AIM OF THE EXERCISE: Retype the entire listing, keeping every word as it is.

AVAILABLE DATA:
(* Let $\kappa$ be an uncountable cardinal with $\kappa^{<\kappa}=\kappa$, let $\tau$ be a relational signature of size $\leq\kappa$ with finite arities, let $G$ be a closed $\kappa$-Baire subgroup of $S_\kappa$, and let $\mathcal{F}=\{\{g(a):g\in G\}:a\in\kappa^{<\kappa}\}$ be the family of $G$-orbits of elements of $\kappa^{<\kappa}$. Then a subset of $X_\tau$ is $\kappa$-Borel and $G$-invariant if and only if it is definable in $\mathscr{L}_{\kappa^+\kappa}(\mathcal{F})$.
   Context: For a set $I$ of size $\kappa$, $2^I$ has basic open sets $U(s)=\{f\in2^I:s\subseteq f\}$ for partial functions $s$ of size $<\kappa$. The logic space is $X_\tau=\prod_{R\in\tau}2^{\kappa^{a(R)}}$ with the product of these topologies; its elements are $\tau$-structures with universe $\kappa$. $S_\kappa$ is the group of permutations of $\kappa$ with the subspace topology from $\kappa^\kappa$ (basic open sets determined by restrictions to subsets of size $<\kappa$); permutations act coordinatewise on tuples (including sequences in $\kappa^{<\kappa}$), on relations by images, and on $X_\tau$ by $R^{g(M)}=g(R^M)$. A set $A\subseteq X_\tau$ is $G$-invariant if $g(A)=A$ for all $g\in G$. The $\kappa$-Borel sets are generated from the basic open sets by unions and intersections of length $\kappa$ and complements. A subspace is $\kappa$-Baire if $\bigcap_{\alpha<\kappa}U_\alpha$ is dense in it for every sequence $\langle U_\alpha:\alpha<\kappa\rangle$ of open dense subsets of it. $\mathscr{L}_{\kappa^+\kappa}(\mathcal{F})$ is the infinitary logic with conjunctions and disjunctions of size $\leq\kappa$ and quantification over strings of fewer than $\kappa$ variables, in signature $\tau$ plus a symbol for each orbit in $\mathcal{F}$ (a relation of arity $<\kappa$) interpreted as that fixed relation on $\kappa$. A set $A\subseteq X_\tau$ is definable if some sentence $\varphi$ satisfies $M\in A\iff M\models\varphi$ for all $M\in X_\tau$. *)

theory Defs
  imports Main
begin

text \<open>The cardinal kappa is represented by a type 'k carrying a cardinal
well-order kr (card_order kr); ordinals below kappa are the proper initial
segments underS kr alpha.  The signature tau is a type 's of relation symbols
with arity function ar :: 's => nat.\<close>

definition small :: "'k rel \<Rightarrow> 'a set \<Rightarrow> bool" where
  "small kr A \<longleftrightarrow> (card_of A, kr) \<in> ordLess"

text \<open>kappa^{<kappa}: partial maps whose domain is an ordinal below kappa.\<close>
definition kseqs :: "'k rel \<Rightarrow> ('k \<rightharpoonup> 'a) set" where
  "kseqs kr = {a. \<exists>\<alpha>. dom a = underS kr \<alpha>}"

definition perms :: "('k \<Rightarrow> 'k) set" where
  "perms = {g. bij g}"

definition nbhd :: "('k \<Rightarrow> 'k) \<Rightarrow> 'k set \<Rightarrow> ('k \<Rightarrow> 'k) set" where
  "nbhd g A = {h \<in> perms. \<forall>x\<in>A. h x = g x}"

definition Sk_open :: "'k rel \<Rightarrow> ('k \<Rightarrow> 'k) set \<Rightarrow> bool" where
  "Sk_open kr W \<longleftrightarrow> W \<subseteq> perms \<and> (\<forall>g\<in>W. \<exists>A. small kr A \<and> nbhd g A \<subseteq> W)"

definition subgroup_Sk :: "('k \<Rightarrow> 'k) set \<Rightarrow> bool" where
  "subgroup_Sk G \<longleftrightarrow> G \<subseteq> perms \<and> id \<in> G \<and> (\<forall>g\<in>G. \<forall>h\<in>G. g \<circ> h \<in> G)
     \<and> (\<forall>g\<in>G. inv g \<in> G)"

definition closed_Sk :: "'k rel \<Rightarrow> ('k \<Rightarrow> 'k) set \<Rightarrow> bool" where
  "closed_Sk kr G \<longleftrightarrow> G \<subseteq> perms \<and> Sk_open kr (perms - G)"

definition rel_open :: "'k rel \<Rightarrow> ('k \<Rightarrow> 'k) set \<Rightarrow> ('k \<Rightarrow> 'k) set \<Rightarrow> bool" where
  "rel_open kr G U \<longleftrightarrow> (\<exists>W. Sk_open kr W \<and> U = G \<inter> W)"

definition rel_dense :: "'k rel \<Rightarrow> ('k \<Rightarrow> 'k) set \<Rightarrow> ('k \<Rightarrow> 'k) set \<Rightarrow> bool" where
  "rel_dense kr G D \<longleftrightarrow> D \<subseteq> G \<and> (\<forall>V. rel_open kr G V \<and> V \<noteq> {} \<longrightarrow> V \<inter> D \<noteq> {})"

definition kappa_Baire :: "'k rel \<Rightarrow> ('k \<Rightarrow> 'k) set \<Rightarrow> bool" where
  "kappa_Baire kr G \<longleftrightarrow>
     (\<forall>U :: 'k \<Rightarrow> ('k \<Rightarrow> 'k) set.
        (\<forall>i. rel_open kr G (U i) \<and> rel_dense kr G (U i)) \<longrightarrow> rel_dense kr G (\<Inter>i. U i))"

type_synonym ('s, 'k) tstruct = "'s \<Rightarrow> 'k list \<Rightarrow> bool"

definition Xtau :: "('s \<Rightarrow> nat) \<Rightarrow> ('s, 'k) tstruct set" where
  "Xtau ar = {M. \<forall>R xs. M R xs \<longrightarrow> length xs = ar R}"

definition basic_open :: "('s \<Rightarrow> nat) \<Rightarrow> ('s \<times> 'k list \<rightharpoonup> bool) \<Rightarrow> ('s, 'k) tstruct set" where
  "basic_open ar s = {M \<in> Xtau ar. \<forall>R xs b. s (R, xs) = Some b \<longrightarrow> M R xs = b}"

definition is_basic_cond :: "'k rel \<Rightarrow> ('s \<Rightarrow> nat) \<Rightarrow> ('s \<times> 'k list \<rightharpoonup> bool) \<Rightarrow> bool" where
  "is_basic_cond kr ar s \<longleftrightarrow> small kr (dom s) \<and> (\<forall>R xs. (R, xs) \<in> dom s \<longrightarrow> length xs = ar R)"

RESPONSE FOR THIS EXERCISE:
(* Let $\kappa$ be an uncountable cardinal with $\kappa^{<\kappa}=\kappa$, let $\tau$ be a relational signature of size $\leq\kappa$ with finite arities, let $G$ be a closed $\kappa$-Baire subgroup of $S_\kappa$, and let $\mathcal{F}=\{\{g(a):g\in G\}:a\in\kappa^{<\kappa}\}$ be the family of $G$-orbits of elements of $\kappa^{<\kappa}$. Then a subset of $X_\tau$ is $\kappa$-Borel and $G$-invariant if and only if it is definable in $\mathscr{L}_{\kappa^+\kappa}(\mathcal{F})$.
   Context: For a set $I$ of size $\kappa$, $2^I$ has basic open sets $U(s)=\{f\in2^I:s\subseteq f\}$ for partial functions $s$ of size $<\kappa$. The logic space is $X_\tau=\prod_{R\in\tau}2^{\kappa^{a(R)}}$ with the product of these topologies; its elements are $\tau$-structures with universe $\kappa$. $S_\kappa$ is the group of permutations of $\kappa$ with the subspace topology from $\kappa^\kappa$ (basic open sets determined by restrictions to subsets of size $<\kappa$); permutations act coordinatewise on tuples (including sequences in $\kappa^{<\kappa}$), on relations by images, and on $X_\tau$ by $R^{g(M)}=g(R^M)$. A set $A\subseteq X_\tau$ is $G$-invariant if $g(A)=A$ for all $g\in G$. The $\kappa$-Borel sets are generated from the basic open sets by unions and intersections of length $\kappa$ and complements. A subspace is $\kappa$-Baire if $\bigcap_{\alpha<\kappa}U_\alpha$ is dense in it for every sequence $\langle U_\alpha:\alpha<\kappa\rangle$ of open dense subsets of it. $\mathscr{L}_{\kappa^+\kappa}(\mathcal{F})$ is the infinitary logic with conjunctions and disjunctions of size $\leq\kappa$ and quantification over strings of fewer than $\kappa$ variables, in signature $\tau$ plus a symbol for each orbit in $\mathcal{F}$ (a relation of arity $<\kappa$) interpreted as that fixed relation on $\kappa$. A set $A\subseteq X_\tau$ is definable if some sentence $\varphi$ satisfies $M\in A\iff M\models\varphi$ for all $M\in X_\tau$. *)

theory Defs
  imports Main
begin

text \<open>The cardinal kappa is represented by a type 'k carrying a cardinal
well-order kr (card_order kr); ordinals below kappa are the proper initial
segments underS kr alpha.  The signature tau is a type 's of relation symbols
with arity function ar :: 's => nat.\<close>

definition small :: "'k rel \<Rightarrow> 'a set \<Rightarrow> bool" where
  "small kr A \<longleftrightarrow> (card_of A, kr) \<in> ordLess"

text \<open>kappa^{<kappa}: partial maps whose domain is an ordinal below kappa.\<close>
definition kseqs :: "'k rel \<Rightarrow> ('k \<rightharpoonup> 'a) set" where
  "kseqs kr = {a. \<exists>\<alpha>. dom a = underS kr \<alpha>}"

definition perms :: "('k \<Rightarrow> 'k) set" where
  "perms = {g. bij g}"

definition nbhd :: "('k \<Rightarrow> 'k) \<Rightarrow> 'k set \<Rightarrow> ('k \<Rightarrow> 'k) set" where
  "nbhd g A = {h \<in> perms. \<forall>x\<in>A. h x = g x}"

definition Sk_open :: "'k rel \<Rightarrow> ('k \<Rightarrow> 'k) set \<Rightarrow> bool" where
  "Sk_open kr W \<longleftrightarrow> W \<subseteq> perms \<and> (\<forall>g\<in>W. \<exists>A. small kr A \<and> nbhd g A \<subseteq> W)"

definition subgroup_Sk :: "('k \<Rightarrow> 'k) set \<Rightarrow> bool" where
  "subgroup_Sk G \<longleftrightarrow> G \<subseteq> perms \<and> id \<in> G \<and> (\<forall>g\<in>G. \<forall>h\<in>G. g \<circ> h \<in> G)
     \<and> (\<forall>g\<in>G. inv g \<in> G)"

definition closed_Sk :: "'k rel \<Rightarrow> ('k \<Rightarrow> 'k) set \<Rightarrow> bool" where
  "closed_Sk kr G \<longleftrightarrow> G \<subseteq> perms \<and> Sk_open kr (perms - G)"

definition rel_open :: "'k rel \<Rightarrow> ('k \<Rightarrow> 'k) set \<Rightarrow> ('k \<Rightarrow> 'k) set \<Rightarrow> bool" where
  "rel_open kr G U \<longleftrightarrow> (\<exists>W. Sk_open kr W \<and> U = G \<inter> W)"

definition rel_dense :: "'k rel \<Rightarrow> ('k \<Rightarrow> 'k) set \<Rightarrow> ('k \<Rightarrow> 'k) set \<Rightarrow> bool" where
  "rel_dense kr G D \<longleftrightarrow> D \<subseteq> G \<and> (\<forall>V. rel_open kr G V \<and> V \<noteq> {} \<longrightarrow> V \<inter> D \<noteq> {})"

definition kappa_Baire :: "'k rel \<Rightarrow> ('k \<Rightarrow> 'k) set \<Rightarrow> bool" where
  "kappa_Baire kr G \<longleftrightarrow>
     (\<forall>U :: 'k \<Rightarrow> ('k \<Rightarrow> 'k) set.
        (\<forall>i. rel_open kr G (U i) \<and> rel_dense kr G (U i)) \<longrightarrow> rel_dense kr G (\<Inter>i. U i))"

type_synonym ('s, 'k) tstruct = "'s \<Rightarrow> 'k list \<Rightarrow> bool"

definition Xtau :: "('s \<Rightarrow> nat) \<Rightarrow> ('s, 'k) tstruct set" where
  "Xtau ar = {M. \<forall>R xs. M R xs \<longrightarrow> length xs = ar R}"

definition basic_open :: "('s \<Rightarrow> nat) \<Rightarrow> ('s \<times> 'k list \<rightharpoonup> bool) \<Rightarrow> ('s, 'k) tstruct set" where
  "basic_open ar s = {M \<in> Xtau ar. \<forall>R xs b. s (R, xs) = Some b \<longrightarrow> M R xs = b}"

definition is_basic_cond :: "'k rel \<Rightarrow> ('s \<Rightarrow> nat) \<Rightarrow> ('s \<times> 'k list \<rightharpoonup> bool) \<Rightarrow> bool" where
  "is_basic_cond kr ar s \<longleftrightarrow> small kr (dom s) \<and> (\<forall>R xs. (R, xs) \<in> dom s \<longrightarrow> length xs = ar R)"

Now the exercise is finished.